DIRECTIONS =>
Search the material for the word "maps" and copy every line in which it occurs.

GIVEN DATA =>
definition split_lift :: "'a set set set \<Rightarrow> ('a \<Rightarrow> 'a) \<Rightarrow> ('a \<times> 'a set set) \<Rightarrow> ('a \<times> 'a set set)" where
  "split_lift \<C> g x = (if x \<in> split_verts \<C> then (g (fst x), (\<lambda>e. g ` e) ` snd x) else x)"

definition local_group :: "'a set set set \<Rightarrow> (('a \<times> 'a set set) \<Rightarrow> ('a \<times> 'a set set)) set
     \<Rightarrow> ('a \<times> 'a set set) \<Rightarrow> (('a \<times> 'a set set) \<Rightarrow> ('a \<times> 'a set set)) set" where
  "local_group \<C> A v = (\<lambda>a. restrict a (split_nbhd \<C> v)) ` {a\<in>A. a v = v}"

end

theory Submission
  imports Defs
begin

(* Call the edges {(alpha, C), (alpha, D)} of the splitting spokes. Lifting an element of
   G_alpha that maps one C-neighbour x of alpha to the other one, y, gives an element of A_(alpha, C)
   that fixes (alpha, D) but moves (x, C); as the local group has order 2, every element of
   A_(alpha, C) therefore fixes (alpha, D). Hence A maps spokes to spokes: if a sent the spoke at
   alpha onto a cycle edge {(beta, C'), (x, C')}, conjugating by a a lift that fixes (beta, C') but
   moves (x, C') would give an element of A_(alpha, C) moving (alpha, D).
   So A acts on the spokes, i.e. on V Delta, and maps cycle edges to cycle edges, hence edges of
   Delta to edges of Delta. The action is faithful because (alpha, C) is determined by alpha together
   with any edge of C at alpha. *)

lemma card_2_cases: "card S = 2 \<Longrightarrow> x \<in> S \<Longrightarrow> y \<in> S \<Longrightarrow> x \<noteq> y \<Longrightarrow> z \<in> S \<Longrightarrow> z = x \<or> z = y"
  by (auto simp: card_2_iff)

SOLUTION FOR THIS PROBLEM =>
   G_alpha that maps one C-neighbour x of alpha to the other one, y, gives an element of A_(alpha, C)
   A_(alpha, C) therefore fixes (alpha, D). Hence A maps spokes to spokes: if a sent the spoke at
   So A acts on the spokes, i.e. on V Delta, and maps cycle edges to cycle edges, hence edges of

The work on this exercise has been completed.